Trajectories for controllers A and A1 overlaid on the self-information maps. (a) The trajectories of controller A for catch trials overlaid upon the self-information map. (b) The trajectories of controller A for avoid trials overlaid upon the self-information map. (c) The trajectories of controller A1 for catch trials overlaid upon the self-information map. (d) The trajectories of controller A1 for avoid trials overlaid upon the self-information map.

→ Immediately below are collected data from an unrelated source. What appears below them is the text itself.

(* There is no trajectory $(x,y,z)(\eta_1)$ of system (S2) such that, for some $\eta_{1,*}\in\mathbb{R}$, $x(\eta_1)>0$, $z(\eta_1)>0$, $y(\eta_1)<0$ for all $\eta_1>\eta_{1,*}$, and $$z(\eta_1)\to\infty,\qquad \frac{z(\eta_1)}{x(\eta_1)}\to\infty,\qquad \frac{y(\eta_1)}{z(\eta_1)}\to0,\qquad \eta_1\to\infty$$ (i.e. no trajectory enters the critical point at infinity $Q_4$ from the region $\{x>0,z>0,y<0\}$).
   Context: Let $N\geq1$, $m>1$, $\sigma>0$, $p>m$, $L=\sigma(m-1)+2(p-1)$, $\alpha=(\sigma+2)/L$, $\beta=(p-m)/L$. Positive profiles $f$ solve $(f^m)''+\frac{N-1}{\xi}(f^m)'+\alpha f+\beta\xi f'-\xi^\sigma f^p=0$. Setting $x=\frac{\alpha}{m}\xi^2f^{1-m}$, $y=\xi f'/f$, $z=\frac1m\xi^{\sigma+2}f^{p-m}$, $\eta_1=\ln\xi$, $(x,y,z)$ solves the autonomous system (S2): $$\dot x=x(2-(m-1)y),\quad \dot y=-x-(N-2)y+z-my^2-\tfrac{p-m}{\sigma+2}xy,\quad \dot z=z(\sigma+2+(p-m)y).$$ *)

theory Defs
  imports "HOL-Analysis.Analysis"
begin

definition S2_at :: "real \<Rightarrow> real \<Rightarrow> real \<Rightarrow> real \<Rightarrow> (real \<Rightarrow> real) \<Rightarrow> (real \<Rightarrow> real) \<Rightarrow> (real \<Rightarrow> real) \<Rightarrow> real \<Rightarrow> bool" where
  "S2_at N m \<sigma> p x y z t \<longleftrightarrow>
     (x has_real_derivative x t * (2 - (m - 1) * y t)) (at t) \<and>
     (y has_real_derivative
        (- x t - (N - 2) * y t + z t - m * (y t)\<^sup>2 - (p - m) / (\<sigma> + 2) * x t * y t)) (at t) \<and>
     (z has_real_derivative z t * (\<sigma> + 2 + (p - m) * y t)) (at t)"

end

theory Submission
  imports Defs
begin

text \<open>
  Put \<open>K = (\<sigma>+2)/(p-m)\<close>, so that \<open>z\<close> grows exactly when \<open>y > -K\<close>.
  Once \<open>z\<close> and \<open>z/x\<close> are large, the right-hand side of the \<open>y\<close>-equation is at least 1
  wherever \<open>-K \<le> y < 0\<close>: the term \<open>z\<close> dominates \<open>x\<close> and the bounded terms in \<open>y\<close>.
  Since \<open>z \<rightarrow> \<infinity>\<close>, \<open>y\<close> cannot stay below \<open>-K\<close> for ever; once above \<open>-K\<close> it increases
  with slope at least 1, hence becomes positive within time \<open>K + 1\<close>, contradicting \<open>y < 0\<close>.
\<close>

lemma continuous_on_first_le:
  fixes f :: "real \<Rightarrow> real"
  assumes "continuous_on {a..b} f" "u0 \<in> {a..b}" "f u0 \<le> c"
  obtains u where "u \<in> {a..b}" "f u \<le> c" "\<And>v. v \<in> {a..b} \<Longrightarrow> v < u \<Longrightarrow> f v > c"
proof -
  let ?S = "{a..b} \<inter> f -` {..c}"
  have "closed ?S"
    by (rule continuous_closed_preimage[OF assms(1)]) auto
  then have "compact ?S"
    by (simp add: compact_eq_bounded_closed bounded_Int)
  moreover have "?S \<noteq> {}"
    using assms(2,3) by auto
  ultimately obtain u where u: "u \<in> ?S" "\<forall>t\<in>?S. u \<le> t"
    by (rule compact_attains_inf[THEN bexE])
  show thesis
  proof (rule that)
    fix v
    assume "v \<in> {a..b}" "v < u"
    then have "v \<notin> ?S"
      using u(2) by (meson not_le)
    with \<open>v \<in> {a..b}\<close> show "f v > c"
      by simp
  qed (use u(1) in simp_all)
qed

lemma growth_while_above_level:
  fixes f f' :: "real \<Rightarrow> real"
  assumes "a \<le> b"
    and deriv: "\<And>v. v \<in> {a..b} \<Longrightarrow> (f has_real_derivative f' v) (at v)"
    and slope: "\<And>v. v \<in> {a..b} \<Longrightarrow> f v > c \<Longrightarrow> f' v \<ge> d"
    and "d \<ge> 0" "f a > c"
  shows "f b \<ge> f a + d * (b - a)"
proof -
  have mvt: "\<exists>\<xi>. a < \<xi> \<and> \<xi> < u \<and> f u - f a = (u - a) * f' \<xi>" if "a < u" "u \<le> b" for u
    by (rule MVT2) (use that deriv in auto)
  have cont: "continuous_on {a..b} f"
    using deriv by (intro continuous_at_imp_continuous_on ballI DERIV_isCont) blast
  have above: "f v > c" if v: "v \<in> {a..b}" for v
  proof (rule ccontr)
    assume "\<not> f v > c"
    then have "f v \<le> c"
      by simp
    obtain u where u: "u \<in> {a..b}" "f u \<le> c" "\<And>w. w \<in> {a..b} \<Longrightarrow> w < u \<Longrightarrow> f w > c"
      using continuous_on_first_le[OF cont v \<open>f v \<le> c\<close>] by blast
    with \<open>f a > c\<close> have "a < u"
      by (metis atLeastAtMost_iff le_less not_le)
    then obtain \<xi> where \<xi>: "a < \<xi>" "\<xi> < u" "f u - f a = (u - a) * f' \<xi>"
      using mvt u(1) by auto
    have "\<xi> \<in> {a..b}"
      using \<xi> u(1) by simp
    with u(3) \<xi>(2) have "f' \<xi> \<ge> 0"
      using slope \<open>d \<ge> 0\<close> by force
    with \<open>a < u\<close> have "(u - a) * f' \<xi> \<ge> 0"
      by simp
    then have "f u \<ge> f a"
      using \<xi>(3) by linarith
    then show False
      using u(2) \<open>f a > c\<close> by linarith
  qed
  show ?thesis
  proof (cases "a = b")
    case False
    with \<open>a \<le> b\<close> have "a < b"
      by simp
    then obtain \<xi> where \<xi>: "a < \<xi>" "\<xi> < b" "f b - f a = (b - a) * f' \<xi>"
      using mvt[OF _ order_refl] by blast
    then have "f' \<xi> \<ge> d"
      using slope above by simp
    then have "(b - a) * f' \<xi> \<ge> d * (b - a)"
      using \<xi> by (simp add: mult.commute mult_left_mono)
    with \<xi>(3) show ?thesis
      by linarith
  qed simp
qed

lemma unbounded_growth_rate_somewhere_pos:
  fixes z g :: "real \<Rightarrow> real"
  assumes "filterlim z at_top at_top"
    and "\<And>t. t \<ge> T \<Longrightarrow> (z has_real_derivative z t * g t) (at t)"
    and "\<And>t. t \<ge> T \<Longrightarrow> z t > 0"
  shows "\<exists>t\<ge>T. g t > 0"
proof (rule ccontr)
  assume "\<not> ?thesis"
  then have rate_nonpos: "g s \<le> 0" if "s \<ge> T" for s
    using that by (simp add: not_less)
  have "z t \<le> z T" if "t \<ge> T" for t
  proof (rule DERIV_nonpos_imp_nonincreasing[OF that])
    fix s assume "T \<le> s"
    with rate_nonpos assms(2,3) show "\<exists>y. (z has_real_derivative y) (at s) \<and> y \<le> 0"
      by (intro exI[of _ "z s * g s"]) (simp add: mult_nonneg_nonpos less_imp_le)
  qed
  moreover obtain t where "t \<ge> T" "z t > z T"
  proof -
    have "\<forall>\<^sub>F t in at_top. t \<ge> T \<and> z t > z T"
      using eventually_ge_at_top[of T] filterlim_at_top_dense[THEN iffD1, OF assms(1)]
      by (simp add: eventually_conj)
    then obtain t' where "\<And>t. t \<ge> t' \<Longrightarrow> t \<ge> T \<and> z t > z T"
      unfolding eventually_at_top_linorder by blast
    then show thesis
      using that by blast
  qed
  ultimately show False
    by fastforce
qed

lemma S2_y_rhs_ge_one:
  fixes N :: nat and m c K X Y Z :: real
  assumes "N \<ge> 1" "m > 0" "c > 0" "X > 0" "Y < 0" "-K \<le> Y"
    and "Z \<ge> 2 * (1 + K + m * K\<^sup>2)" "Z / X \<ge> 2"
  shows "- X - (real N - 2) * Y + Z - m * Y\<^sup>2 - c * X * Y \<ge> 1"
proof -
  have "Z \<ge> 2 * X"
    using assms(4,8) by (simp add: field_simps)
  moreover have "- (real N - 2) * Y \<ge> -K"
  proof (cases "N = 1")
    case False
    with assms(1) have "real N - 2 \<ge> 0"
      by simp
    with assms(5) have "(real N - 2) * Y \<le> 0"
      by (simp add: mult_nonneg_nonpos)
    with assms(5,6) show ?thesis
      by linarith
  qed (use assms(6) in simp)
  moreover have "m * Y\<^sup>2 \<le> m * K\<^sup>2"
    using assms(2,5,6) power_mono[of "-Y" K 2] by simp
  moreover have "c * X * Y \<le> 0"
    using assms(3,4,5) by (simp add: mult_nonneg_nonpos)
  ultimately show ?thesis
    using assms(7) by argo
qed

theorem lemma2p8:
  fixes N :: nat and m \<sigma> p :: real
  assumes "N \<ge> 1" and "m > 1" and "\<sigma> > 0" and "p > m"
  shows "\<not> (\<exists>(x::real\<Rightarrow>real) (y::real\<Rightarrow>real) (z::real\<Rightarrow>real) (t0::real).
            (\<forall>t>t0. S2_at (real N) m \<sigma> p x y z t) \<and>
            (\<forall>t>t0. x t > 0 \<and> z t > 0 \<and> y t < 0) \<and>
            filterlim z at_top at_top \<and>
            filterlim (\<lambda>t. z t / x t) at_top at_top \<and>
            ((\<lambda>t. y t / z t) \<longlongrightarrow> 0) at_top)"
proof
  assume "\<exists>x y z t0. (\<forall>t>t0. S2_at (real N) m \<sigma> p x y z t) \<and>
            (\<forall>t>t0. x t > 0 \<and> z t > 0 \<and> y t < 0) \<and>
            filterlim z at_top at_top \<and> filterlim (\<lambda>t. z t / x t) at_top at_top \<and>
            ((\<lambda>t. y t / z t) \<longlongrightarrow> 0) at_top"
  then obtain x y z t0 where S2: "\<And>t. t > t0 \<Longrightarrow> S2_at (real N) m \<sigma> p x y z t"
    and sign: "\<And>t. t > t0 \<Longrightarrow> x t > 0 \<and> z t > 0 \<and> y t < 0"
    and z_lim: "filterlim z at_top at_top" and zx_lim: "filterlim (\<lambda>t. z t / x t) at_top at_top"
    by blast
  define K where "K = (\<sigma> + 2) / (p - m)"
  define y' where "y' t = - x t - (real N - 2) * y t + z t - m * (y t)\<^sup>2 - (p - m) / (\<sigma> + 2) * x t * y t"
    for t
  have "K > 0"
    using assms unfolding K_def by simp
  have "\<forall>\<^sub>F t in at_top. t > t0 \<and> z t \<ge> 2 * (1 + K + m * K\<^sup>2) \<and> z t / x t \<ge> 2"
    using eventually_gt_at_top[of t0] filterlim_at_top[THEN iffD1, OF z_lim, rule_format]
      filterlim_at_top[THEN iffD1, OF zx_lim, rule_format]
    by eventually_elim auto
  then obtain T where T: "\<And>t. t \<ge> T \<Longrightarrow> t > t0 \<and> z t \<ge> 2 * (1 + K + m * K\<^sup>2) \<and> z t / x t \<ge> 2"
    unfolding eventually_at_top_linorder by blast
  have "\<exists>t\<ge>T. \<sigma> + 2 + (p - m) * y t > 0"
  proof (rule unbounded_growth_rate_somewhere_pos[OF z_lim])
    fix t
    assume "t \<ge> T"
    with T have "t > t0"
      by blast
    then show "(z has_real_derivative z t * (\<sigma> + 2 + (p - m) * y t)) (at t)" "z t > 0"
      using S2 sign unfolding S2_at_def by blast+
  qed
  then obtain t1 where t1: "t1 \<ge> T" "y t1 > -K"
    using assms(4) by (auto simp: K_def field_simps)
  have "y (t1 + K + 1) \<ge> y t1 + 1 * (t1 + K + 1 - t1)"
  proof (rule growth_while_above_level[where f' = y' and c = "-K"])
    fix v
    assume "v \<in> {t1..t1 + K + 1}"
    with t1(1) T[of v] have v: "v > t0" "z v \<ge> 2 * (1 + K + m * K\<^sup>2)" "z v / x v \<ge> 2"
      by auto
    then show "(y has_real_derivative y' v) (at v)"
      using S2 unfolding S2_at_def y'_def by blast
    assume "y v > -K"
    with v sign[of v] assms show "y' v \<ge> 1"
      unfolding y'_def by (intro S2_y_rhs_ge_one) auto
  qed (use \<open>K > 0\<close> t1 in auto)
  moreover have "y (t1 + K + 1) < 0"
    using sign T[of "t1 + K + 1"] t1(1) \<open>K > 0\<close> by simp
  ultimately show False
    using t1(2) by simp
qed

end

Controller A clearly follows an edge of high information in catch trials, and controller A1 appears to use the outside edge where information suddenly drops to almost zero to decide when to turn back towards the object during its scanning motion.

Figure 7. 

Trajectories for controllers A and A1 overlaid on the self-information maps. (a) The trajectories of controller A for catch trials overlaid upon the self-information map. (b) The trajectories of controller A for avoid trials overlaid upon the self-information map. (c) The trajectories of controller A1 for catch trials overlaid upon the self-information map. (d) The trajectories of controller A1 for avoid trials overlaid upon the self-information map. Controller A clearly follows an edge of high information in catch trials, and controller A1 appears to use the outside edge where information suddenly drops to almost zero to decide when to turn back towards the object during its scanning motion.

The analysis reported here is related to empowerment, an information-theoretic measure introduced by Klyubin et al. [17], which essentially quantifies the effect of an agent's action upon its own apprehension of its environment. They define empowerment as the channel capacity between the action of an agent at time t and the state of its sensors at time t + 1. The underlying idea is that it is in the agent's interests to maximize this informational return from its actions, and that this “empowers” it. Trajectories such as that for controller A on catch trials (Figure 7a) suggest that the evolutionary process has identified and exploited paths of high information, but it is unclear to what extent. It is also unclear whether the evolved controllers have any capacity for the detection and measurement of information, or whether they simply follow evolutionarily predetermined routes.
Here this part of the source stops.